Alvin F. Poussaint, M.D., noted black psychiatrist from Tufts University, has been appointed to the Harvard Medical School Faculty.
Dr. Poussaint specializes in the study of the black power movement and white workers in the civil rights movement. Last April, Dr. Poussaint spoke out against psychiatry's failure in the black community.
At a meeting of the American Orthopsychiatric Society the 35-year-old psychiatrist charged that "most therapists are trained in a middle-class setting and are not trained to help poor blacks in the ghetto."
Poor communications with blacks, he pointed out, is thus due to the fact that psychiatry "is structured to help the rich who can afford individual therapy, not disadvantaged in the community.

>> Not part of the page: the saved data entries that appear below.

(* Let $X$, $Y$ and $(Z,d)$ be metric spaces, $1\le\alpha<\omega_1$, and let $f\colon X\times Y\to Z$ satisfy: (1) the family $\{f^x:x\in X\}$ of $x$-sections is equi-$\alpha$-GLP (as functions $Y\to Z$); (2) for every $y\in Y$ the $y$-section $f_y\colon X\to Z$ is of Borel class $\alpha$. Then $f\colon X\times Y\to Z$ is of Borel class $\alpha$.
   Context: For $x\in X$, $y\in Y$: $f^x\colon Y\to Z$, $f^x(y)=f(x,y)$ and $f_y\colon X\to Z$, $f_y(x)=f(x,y)$. In a metric space, sets of additive class $0$ are the open sets, of multiplicative class $0$ the closed sets; for $\alpha\ge1$, sets of additive class $\alpha$ are countable unions of sets of multiplicative classes $<\alpha$, and sets of multiplicative class $\alpha$ are complements of sets of additive class $\alpha$ (so additive class 1 = $F_\sigma$). A function between metric spaces is of Borel class $\alpha$ if the preimage of every open set is of additive class $\alpha$. A family of subsets of $Y$ is discrete if each point has a neighborhood meeting at most one member; $\sigma$-discrete if it is a countable union of discrete families. A family $\mathscr F\subseteq Z^Y$ is equi-$\alpha$-GLP if for every $\varepsilon>0$ there is a $\sigma$-discrete family $\mathcal A_\varepsilon$ of subsets of $Y$ of additive class $\alpha$ such that $Y=\bigcup\mathcal A_\varepsilon$ and $\operatorname{diam}g(A)\le\varepsilon$ for all $A\in\mathcal A_\varepsilon$ and all $g\in\mathscr F$. *)

theory Defs
  imports "HOL-Analysis.Analysis"
begin

text \<open>Countable ordinals \<open>\<alpha>\<close> are represented as order types of well-orders
  \<open>r :: (nat \<times> nat) set\<close>.  For \<open>a \<in> Field r\<close>, \<open>add_class_below r a\<close> is the family of
  sets of additive class \<open>\<beta>\<close>, where \<open>\<beta>\<close> is the order type of the strict initial
  segment of \<open>r\<close> below \<open>a\<close>.  Ordinals \<open>\<beta>\<close> smaller than the order type of \<open>r\<close>
  are exactly these order types.\<close>

definition add_class_below :: "(nat \<times> nat) set \<Rightarrow> nat \<Rightarrow> 'a::topological_space set set" where
  "add_class_below r = wfrec (r - Id)
     (\<lambda>C a. if \<not> (\<exists>b. (b, a) \<in> r - Id) then {U. open U}
            else {\<Union>\<U> | \<U>. countable \<U> \<and> (\<forall>V\<in>\<U>. \<exists>b. (b, a) \<in> r - Id \<and> - V \<in> C b)})"

text \<open>Sets of additive class \<open>\<alpha>\<close>, \<open>\<alpha>\<close> = order type of \<open>r\<close>: open sets if \<open>\<alpha> = 0\<close>,
  otherwise countable unions of sets of multiplicative class \<open>\<beta> < \<alpha>\<close>
  (i.e. complements of sets of additive class \<open>\<beta>\<close>).\<close>

definition additive_class :: "(nat \<times> nat) set \<Rightarrow> 'a::topological_space set \<Rightarrow> bool" where
  "additive_class r A \<longleftrightarrow>
     (if Field r = {} then open A
      else (\<exists>\<U>. countable \<U> \<and> A = \<Union>\<U> \<and> (\<forall>V\<in>\<U>. \<exists>b\<in>Field r. - V \<in> add_class_below r b)))"

definition borel_class :: "(nat \<times> nat) set \<Rightarrow> ('a::topological_space \<Rightarrow> 'b::topological_space) \<Rightarrow> bool" where
  "borel_class r f \<longleftrightarrow> (\<forall>U. open U \<longrightarrow> additive_class r (f -` U))"

definition discrete_family :: "'a::topological_space set set \<Rightarrow> bool" where
  "discrete_family \<A> \<longleftrightarrow>
     (\<forall>y. \<exists>U. open U \<and> y \<in> U \<and> (\<forall>A\<in>\<A>. \<forall>B\<in>\<A>. U \<inter> A \<noteq> {} \<and> U \<inter> B \<noteq> {} \<longrightarrow> A = B))"

definition sigma_discrete_family :: "'a::topological_space set set \<Rightarrow> bool" where
  "sigma_discrete_family \<A> \<longleftrightarrow>
     (\<exists>\<D>::nat \<Rightarrow> 'a set set. (\<forall>n. discrete_family (\<D> n)) \<and> \<A> = (\<Union>n. \<D> n))"

definition equi_GLP :: "(nat \<times> nat) set \<Rightarrow> ('b::metric_space \<Rightarrow> 'c::metric_space) set \<Rightarrow> bool" where
  "equi_GLP r \<F> \<longleftrightarrow>
     (\<forall>\<epsilon>>0. \<exists>\<A>. sigma_discrete_family \<A> \<and> (\<forall>A\<in>\<A>. additive_class r A) \<and> \<Union>\<A> = UNIV \<and>
        (\<forall>A\<in>\<A>. \<forall>g\<in>\<F>. \<forall>a\<in>A. \<forall>b\<in>A. dist (g a) (g b) \<le> \<epsilon>))"

end

theory Submission
  imports Defs
begin

text \<open>Fix an open \<open>U \<noteq> Z\<close> and \<open>n\<close>. By equi-GLP, \<open>Y\<close> is covered by a \<open>\<sigma>\<close>-discrete family of
  sets \<open>A\<close> of additive class \<open>\<alpha>\<close> on which every \<open>x\<close>-section oscillates by at most \<open>1 / (n + 1)\<close>.
  Choosing a point \<open>y\<^sub>A \<in> A\<close>, \<open>f (x, y) \<in> U\<close> holds iff for some \<open>n\<close> and some \<open>A \<ni> y\<close> the point
  \<open>f (x, y\<^sub>A)\<close> has distance more than \<open>1 / (n + 1)\<close> from \<open>Z - U\<close>. The set of such \<open>(x, y)\<close> for one
  \<open>A\<close> is the intersection of a preimage under the \<open>y\<^sub>A\<close>-section with \<open>X \<times> A\<close>, hence of additive
  class \<open>\<alpha>\<close>, and for fixed \<open>n\<close> these sets form countably many discrete families. It remains to
  see that the union of a discrete family of sets of additive class \<open>\<alpha>\<close> is again of that
  class. This is shown by transfinite induction, simultaneously for multiplicative classes,
  using that in a metric space every discrete family can be enlarged to a discrete family of
  open sets.\<close>

lemma open_imp_countable_union_of_closed:
  fixes S :: "'a::metric_space set"
  assumes "open S"
  shows "(countable union_of closed) S"
proof -
  have "fsigma_in euclidean S"
    using assms by (simp add: open_imp_fsigma_in metrizable_space_euclidean)
  then show ?thesis
    unfolding fsigma_in_def by (rule union_of_mono) (metis closed_closedin)
qed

Dr. Poussaint's concern is partially based on his experiences while living in East Harlem, New York City and in Jackson, Mississippi in 1965-66 when he served as Southern Field Director of the Medical Committee for Human Rights. Eighteen of his major publications have dealt with the dilemma of the American black.
Robert H. Ebert, M.D., Dean of the Medical School, yesterday explained the reasons for Dr. Poussaint's appointment: "Of course we hired him because he's a first rate psychiatrist, but we also felt he could be helpful in the dean's office, especially with the black students.
Commenting on Dr. Poussaint's plans for research, Dr. Ebert explained, "We hope he'll continue to explore the relations of psychiatry and the black in the ghetto, but I have no idea of his definite plans as Harvard doesn't guide research."
In addition to his work on black power psychology, Dr. Poussaint has also been involved in the study of the use of preventive drugs on bed-wetting children and in research on nicotine substitutes for cigarette smokers.
The new Associate Professor of Psychiatry earned his A.B. at Columbia and his M.D. degree at Cornell, then completed his M.S. work at the University of California at Lost Ageles.
Before his professorship at Tufts, Dr. Poussaint interned at the UCLA Center for Health Sciences. Since then he has been serving as Director of Psychiatry at the Columbia Point Health Center in Boston and as Assistant Professor of Psychiatry at Tufts.